• The Envoy was designed by A. H. (Hessell) Tiltman as a twin-engined development of his earlier Courier. It used the same wooden construction, outer wing panels and innovative retracting main undercarriage.

    The Envoy was a twin-engined low-wing cabin monoplane of all-wood construction apart from fabric covered control surfaces. It had a rearward retracting main undercarriage with a fixed tailwheel. The aircraft was built in three series, the Series I was the initial production variant which did not have trailing-edge flaps, seventeen built. Thirteen Series II variants were built with split flaps and the Series III (19-built) was similar but had detailed improvements. Each series of the Envoy was sold with a choice of engines including the Wolseley Aries, Armstrong Siddeley Cheetah V or Armstrong Siddeley Lynx IVC radial engines. These different engines were housed under a variety of cowlings, mostly short chord Townend rings but also wider chord cowlings with and without blisters for cylinder heads.
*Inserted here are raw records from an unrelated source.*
(* Let $C\subset\mathbb{R}^n$ be a pointed, $n$-dimensional closed convex cone, $\Omega=S^{n-1}\cap\operatorname{int}C^{\circ}$, and $\omega\subset\Omega$ a nonempty compact set. Then there exist $K,L\in\mathcal{K}(C,\omega)$ such that $C_{\gamma^{n}}(K,\cdot)=C_{\gamma^{n}}(L,\cdot)$ but $K\neq L$.
   Context: $C^{\circ}=\{x:\langle x,y\rangle\le 0\ \forall y\in C\}$. A pseudo-cone is a nonempty closed convex set $K$ with $o\notin K$ and $\lambda K\subseteq K$ for $\lambda\ge1$; it is a $C$-pseudo-cone if its recession cone $\{z:K+z\subseteq K\}$ equals $C$. Support function $h_K(x)=\sup_{y\in K}\langle x,y\rangle$ on $C^{\circ}$, $\bar h_K=-h_K$. For $u\in\Omega$, $H_K^-(u)=\{x:\langle x,u\rangle\le h_K(u)\}$. $\mathcal{K}(C,\omega)$ is the set of $C$-pseudo-cones $K$ with $K=C\cap\bigcap_{u\in\omega}H^-_K(u)$. For Borel $\eta\subset\Omega$, $S_{\gamma^n}(K,\eta)=(2\pi)^{-n/2}\int_{\nu_K^{-1}(\eta)}e^{-|x|^2/2}d\mathcal{H}^{n-1}(x)$, where $\nu_K^{-1}(\eta)$ is the set of boundary points of $K$ with an outer unit normal in $\eta$, and $C_{\gamma^n}(K,\eta)=\int_\eta\bar h_K(u)\,dS_{\gamma^n}(K,u)$. *)

theory Defs
  imports "HOL-Analysis.Analysis"
begin

definition polar_cone :: "'a::euclidean_space set \<Rightarrow> 'a set" where
  "polar_cone C = {x. \<forall>y\<in>C. x \<bullet> y \<le> 0}"

definition pointed_cone :: "'a::euclidean_space set \<Rightarrow> bool" where
  "pointed_cone C \<longleftrightarrow> C \<inter> uminus ` C = {0}"

definition Omega :: "'a::euclidean_space set \<Rightarrow> 'a set" where
  "Omega C = sphere 0 1 \<inter> interior (polar_cone C)"

definition pseudo_cone :: "'a::euclidean_space set \<Rightarrow> bool" where
  "pseudo_cone K \<longleftrightarrow> K \<noteq> {} \<and> closed K \<and> convex K \<and> 0 \<notin> K \<and>
     (\<forall>t::real. t \<ge> 1 \<longrightarrow> (\<forall>x\<in>K. t *\<^sub>R x \<in> K))"

definition recession_cone :: "'a::euclidean_space set \<Rightarrow> 'a set" where
  "recession_cone K = {z. \<forall>x\<in>K. x + z \<in> K}"

definition C_pseudo_cone :: "'a::euclidean_space set \<Rightarrow> 'a set \<Rightarrow> bool" where
  "C_pseudo_cone C K \<longleftrightarrow> pseudo_cone K \<and> recession_cone K = C"

definition support_fun :: "'a::euclidean_space set \<Rightarrow> 'a \<Rightarrow> real" where
  "support_fun K x = (SUP y\<in>K. x \<bullet> y)"

definition neg_support_fun :: "'a::euclidean_space set \<Rightarrow> 'a \<Rightarrow> real" where
  "neg_support_fun K x = - support_fun K x"

definition halfspace_minus :: "'a::euclidean_space set \<Rightarrow> 'a \<Rightarrow> 'a set" where
  "halfspace_minus K u = {x. x \<bullet> u \<le> support_fun K u}"

definition K_C_omega :: "'a::euclidean_space set \<Rightarrow> 'a set \<Rightarrow> 'a set set" where
  "K_C_omega C \<omega> = {K. C_pseudo_cone C K \<and> K = C \<inter> (\<Inter>u\<in>\<omega>. halfspace_minus K u)}"

text \<open>Contribution of one covering set to the s-dimensional Hausdorff sum
  (empty sets contribute 0; \<open>t ^ 0 = 1\<close>, so H^0 is counting measure).\<close>
definition hcontent :: "nat \<Rightarrow> 'a::euclidean_space set \<Rightarrow> ennreal" where
  "hcontent s E = (if E = {} then 0 else ennreal (unit_ball_vol (real s) * (diameter E / 2) ^ s))"

definition hausdorff_approx :: "nat \<Rightarrow> real \<Rightarrow> 'a::euclidean_space set \<Rightarrow> ennreal" where
  "hausdorff_approx s \<delta> A =
     (INF E\<in>{E::nat \<Rightarrow> 'a set. A \<subseteq> (\<Union>i. E i) \<and> (\<forall>i. bounded (E i) \<and> diameter (E i) \<le> \<delta>)}.
        (\<Sum>i. hcontent s (E i)))"

definition hausdorff_outer :: "nat \<Rightarrow> 'a::euclidean_space set \<Rightarrow> ennreal" where
  "hausdorff_outer s A = (SUP \<delta>\<in>{0<..}. hausdorff_approx s \<delta> A)"

definition hausdorff_measure :: "nat \<Rightarrow> 'a::euclidean_space measure" where
  "hausdorff_measure s = measure_of UNIV (lambda_system UNIV (Pow UNIV) (hausdorff_outer s))
                                       (hausdorff_outer s)"

definition outer_unit_normal :: "'a::euclidean_space set \<Rightarrow> 'a \<Rightarrow> 'a \<Rightarrow> bool" where
  "outer_unit_normal K x u \<longleftrightarrow> norm u = 1 \<and> (\<forall>y\<in>K. (y - x) \<bullet> u \<le> 0)"

definition rev_sph_image :: "'a::euclidean_space set \<Rightarrow> 'a set \<Rightarrow> 'a set" where
  "rev_sph_image K \<eta> = {x \<in> frontier K. \<exists>u\<in>\<eta>. outer_unit_normal K x u}"

definition gauss_surface_area :: "'a::euclidean_space set \<Rightarrow> 'a set \<Rightarrow> ennreal" where
  "gauss_surface_area K \<eta> =
     (\<integral>\<^sup>+ x \<in> rev_sph_image K \<eta>.
        ennreal ((2 * pi) powr (- real DIM('a) / 2) * exp (- (norm x)\<^sup>2 / 2))
      \<partial>hausdorff_measure (DIM('a) - 1))"

definition gauss_surface_measure :: "'a::euclidean_space set \<Rightarrow> 'a set \<Rightarrow> 'a measure" where
  "gauss_surface_measure C K =
     measure_of (Omega C) {\<eta>. \<eta> \<in> sets borel \<and> \<eta> \<subseteq> Omega C} (gauss_surface_area K)"

text \<open>\<open>C_{\<gamma>^n}(K,\<eta>) = \<integral>_\<eta> \<bar>h_K dS_{\<gamma>^n}(K,\<cdot>)\<close> (the integrand is nonnegative on \<open>\<Omega>\<close>).\<close>
definition gauss_cone_measure :: "'a::euclidean_space set \<Rightarrow> 'a set \<Rightarrow> 'a set \<Rightarrow> ennreal" where
  "gauss_cone_measure C K \<eta> =
     (\<integral>\<^sup>+ u \<in> \<eta>. ennreal (neg_support_fun K u) \<partial>gauss_surface_measure C K)"

end

theory Submission
  imports Defs
begin

(*
  Fix u0 in omega. For t > 0 the truncation K_t = C \<inter> {x. x \<bullet> u0 \<le> -t} belongs to
  K(C, omega), and h(K_t, u0) = -t, so different t give different sets. A boundary point of K_t
  with an outer unit normal in Omega lies on the face F_t = C \<inter> {x. x \<bullet> u0 = -t}, and its
  normal is u0 unless the point lies in the relative boundary F_t - int C. This relative
  boundary is H^(n-1)-null: its homothetic copies towards an interior point of F_1 with ratios
  in [1/2, 1) are pairwise disjoint subsets of F_1, which has finite measure. Hence
  C_gamma(K_t, -) is the point mass at u0 of weight (2 pi)^(-n/2) t^n G(t), where G(t) is the
  integral of exp (-t^2 |y|^2 / 2) over F_1. The function t^n G(t) is continuous, positive at
  t = 1 unless it vanishes identically, and tends to 0 as t tends to 0 and to infinity, so it
  takes the same value at two points a < b; then K_a and K_b are the required sets.

  The Hausdorff measure H^(n-1) enters only through three properties: closed sets are
  measurable, the map x \<mapsto> v + c x multiplies it by c^(n-1), and bounded pieces of
  hyperplanes have finite measure.
*)

section \<open>Hausdorff outer measure\<close>

definition hausdorff_covers :: "real \<Rightarrow> 'a::euclidean_space set \<Rightarrow> (nat \<Rightarrow> 'a set) set" where
  "hausdorff_covers \<delta> A = {E. A \<subseteq> (\<Union>i. E i) \<and> (\<forall>i. bounded (E i) \<and> diameter (E i) \<le> \<delta>)}"

lemma hcontent_empty [simp]: "hcontent s {} = 0"
  by (simp add: hcontent_def)

lemma hausdorff_approx_eq_INF_covers:
  "hausdorff_approx s \<delta> A = (INF E\<in>hausdorff_covers \<delta> A. \<Sum>i. hcontent s (E i))"
  unfolding hausdorff_approx_def hausdorff_covers_def by simp

lemma hausdorff_approx_le_cover:
  assumes "A \<subseteq> (\<Union>i. E i)" "\<And>i. bounded (E i)" "\<And>i. diameter (E i) \<le> \<delta>"
  shows "hausdorff_approx s \<delta> A \<le> (\<Sum>i. hcontent s (E i))"
  unfolding hausdorff_approx_eq_INF_covers
  by (rule INF_lower) (use assms in \<open>auto simp: hausdorff_covers_def\<close>)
    The prototype, G-ACMT, first flew on 26 June 1934 and in July 1934 appeared in public for the first time at an exhibition by the Society of British Aircraft Constructors (SBAC) at Hendon. Small-scale production then began at the Portsmouth factory.
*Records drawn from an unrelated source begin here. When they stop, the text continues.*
definition Gc :: "(real \<Rightarrow> real ^ 'n \<Rightarrow> real) \<Rightarrow> (real \<Rightarrow> real ^ 'n \<Rightarrow> real ^ 'n) \<Rightarrow> (real \<Rightarrow> real ^ 'n \<Rightarrow> real) \<Rightarrow>
    (real \<Rightarrow> real ^ 'n \<Rightarrow> real ^ 'n) \<Rightarrow> (real \<Rightarrow> real ^ 'n \<Rightarrow> real) \<Rightarrow> real \<Rightarrow> real ^ 'n \<Rightarrow> real" where
  "Gc \<rho> u E F1 F2 t x = \<rho> t x * (norm (F1 t x))\<^sup>2
      + \<rho> t x / (2 * ien u E t x) * \<bar>F2 t x - inner (u t x) (F1 t x)\<bar>\<^sup>2"

definition cost :: "real \<Rightarrow> real ^ 'n \<Rightarrow> real \<Rightarrow> real \<Rightarrow>
    (real \<Rightarrow> real ^ 'n \<Rightarrow> real) \<Rightarrow> (real \<Rightarrow> real ^ 'n \<Rightarrow> real ^ 'n) \<Rightarrow> (real \<Rightarrow> real ^ 'n \<Rightarrow> real) \<Rightarrow>
    (real \<Rightarrow> real ^ 'n \<Rightarrow> real ^ 'n) \<Rightarrow> (real \<Rightarrow> real ^ 'n \<Rightarrow> real) \<Rightarrow> real" where
  "cost lam vbar a T \<rho> u E F1 F2 =
     integral {a..T} (\<lambda>t. integral UNIV (\<lambda>x.
        \<rho> t x * (norm (u t x - vbar))\<^sup>2 + 2 * \<rho> t x * ien u E t x + lam * Gc \<rho> u E F1 F2 t x))"

definition optimal :: "(real ^ 'n \<Rightarrow> real ^ 'n \<Rightarrow> real) \<Rightarrow> real \<Rightarrow> real ^ 'n \<Rightarrow> real \<Rightarrow>
    (real \<Rightarrow> real ^ 'n \<Rightarrow> real) \<Rightarrow> (real \<Rightarrow> real ^ 'n \<Rightarrow> real ^ 'n) \<Rightarrow> (real \<Rightarrow> real ^ 'n \<Rightarrow> real) \<Rightarrow>
    (real \<Rightarrow> real ^ 'n \<Rightarrow> real ^ 'n) \<Rightarrow> (real \<Rightarrow> real ^ 'n \<Rightarrow> real) \<Rightarrow> bool" where
  "optimal \<Psi> lam vbar T \<rho> u E F1 F2 \<longleftrightarrow>
     admissible \<Psi> 0 T \<rho> u E F1 F2 \<and>
     (\<forall>a\<in>{0..<T}. admissible \<Psi> a T \<rho> u E F1 F2 \<and>
        (\<forall>\<rho>' u' E' F1' F2'. admissible \<Psi> a T \<rho>' u' E' F1' F2' \<and>
            (\<forall>x. \<rho>' a x = \<rho> a x \<and> u' a x = u a x \<and> E' a x = E a x) \<longrightarrow>
            cost lam vbar a T \<rho> u E F1 F2 \<le> cost lam vbar a T \<rho>' u' E' F1' F2'))"

end

(* Along the feedback controls the work of the control forces is
   rho (F2 - F1 . vbar) = - lam^(-1/2) h  with  h = rho |u - vbar|^2 + 2 rho e,
   and lam G(F1, F2) = h, so the running cost is 2 h.  Integrating the balance laws in space,
   the flux terms drop out (they are divergences of compactly supported fields), the alignment
   force Q1 integrates to 0 (its kernel is antisymmetric) and Q2 <= 0, because
   u(x).u(y) - E(x) - E(y) = - |u(x) - u(y)|^2 / 2 - e(x) - e(y).  Hence H(t) = int h(t, x) dx
   obeys H' <= 2 int rho (F2 - F1 . vbar) = - (2 / sqrt lam) H, which integrates to
   2 int_a^T H <= sqrt lam H(a).  Optimality bounds the cost of the optimal quintuple by the cost
   2 int_a^T H of the feedback one. *)
theory Submission
  imports Defs
begin

section \<open>\<open>C\<^sup>1\<close> fields\<close>

lemma C1_onI:
  assumes "\<And>z. z \<in> S \<Longrightarrow> (f has_derivative blinfun_apply (f' z)) (at z within S)"
    and "continuous_on S f'"
  shows "C1_on S f"
  using assms unfolding C1_on_def by blast

lemma C1_on_imp_continuous_on: "C1_on S f \<Longrightarrow> continuous_on S f"
  unfolding C1_on_def
  by (meson continuous_on_eq_continuous_within has_derivative_continuous)

lemma C1_on_const: "C1_on S (\<lambda>z. c)"
  by (rule C1_onI[of _ _ "\<lambda>z. 0"]) (auto intro!: derivative_eq_intros)

lemma C1_on_add:
  assumes "C1_on S f" and "C1_on S g"
  shows "C1_on S (\<lambda>z. f z + g z)"
proof -
  obtain f' g' where f': "\<forall>z\<in>S. (f has_derivative blinfun_apply (f' z)) (at z within S)"
    and g': "\<forall>z\<in>S. (g has_derivative blinfun_apply (g' z)) (at z within S)"
    and "continuous_on S f'" "continuous_on S g'"
    using assms unfolding C1_on_def by blast
  show ?thesis
  proof (rule C1_onI)
    show "((\<lambda>z. f z + g z) has_derivative blinfun_apply (f' z + g' z)) (at z within S)"
      if "z \<in> S" for z
      using has_derivative_add[OF f'[rule_format, OF that] g'[rule_format, OF that]]
      by (simp add: plus_blinfun.rep_eq)
    show "continuous_on S (\<lambda>z. f' z + g' z)"
      using \<open>continuous_on S f'\<close> \<open>continuous_on S g'\<close> by (rule continuous_on_add)
  qed
qed

lemma C1_on_linear:
  assumes L: "bounded_linear L" and "C1_on S f"
  shows "C1_on S (\<lambda>z. L (f z))"
proof -
  obtain f' where f': "\<forall>z\<in>S. (f has_derivative blinfun_apply (f' z)) (at z within S)"
    and "continuous_on S f'"
    using assms unfolding C1_on_def by blast
  show ?thesis
  proof (rule C1_onI)
    show "((\<lambda>z. L (f z)) has_derivative blinfun_apply (Blinfun L o\<^sub>L f' z)) (at z within S)"
      if "z \<in> S" for z
      using bounded_linear.has_derivative[OF L f'[rule_format, OF that]]
      by (rule has_derivative_eq_rhs) (simp add: fun_eq_iff bounded_linear_Blinfun_apply[OF L])
    show "continuous_on S (\<lambda>z. Blinfun L o\<^sub>L f' z)"
      using \<open>continuous_on S f'\<close> by (auto intro!: continuous_intros)
  qed
qed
    The first production Envoy I, G-ACVH, flew in October 1934 and was used as a company demonstrator. The second, also a Series I but fitted with Wolseley Aries III radial engines, was delivered to Lord Nuffield. This aircraft was due to fly in the MacRobertson Air Race from England to Australia in 1934 but the aircraft was damaged and withdrawn from the race. Another aircraft, a specially modified version with long-range tanks (the AS 8 Viceroy) got as far as Athens before leaving the race due to damage. One Envoy took part in the Schlesinger Race to Johannesburg, but crashed, killing two of a crew.

    Orders soon came from the whole Commonwealth. Two aircraft went to the Ansett Airlines in Australia. North Eastern Airways and Olley Air Service in the UK also used the AS.6. In Czechoslovakia, the CSA ordered four AS.6 Envoy JC in 1937.

    In May 1937, the British King George VI traded the de Havilland Dragon Rapide of the King's Flight for an Airspeed AS.6J Envoy III. The AS.6's good stability and flaps, as well as its low landing speed (less than 100 km/h) was decisive. The aircraft received the registration G-AEXX and was painted in distinctive red and blue colours.

    The Airspeed AS.6 Envoy also entered the Air Forces of different countries. The British Royal Air Force used a few AS.6 in a military configuration. The aircraft was used in the Air Forces of Spain, Japan, South Africa, Finland and China and some others. Seven machines were ordered for joint use by the South African Air Force and South African Airways, with three being delivered in military form and four delivered to South African Airways, where they were used on the air route between Johannesburg - Bloemfontein - Port Elizabeth on 12 October 1936. Each of these seven aircraft could be transformed by a work crew of four within four hours from the transport version into a light bomber or reconnaissance aircraft. In this configuration the crew consisted of four; pilot, navigator, radio operator and gunner.

    In October 1936, the British Air Ministry ordered 136 Envoys for crew training. These further developed aircraft were given a new company designation as the AS.10 and entered RAF service as the Airspeed Oxford.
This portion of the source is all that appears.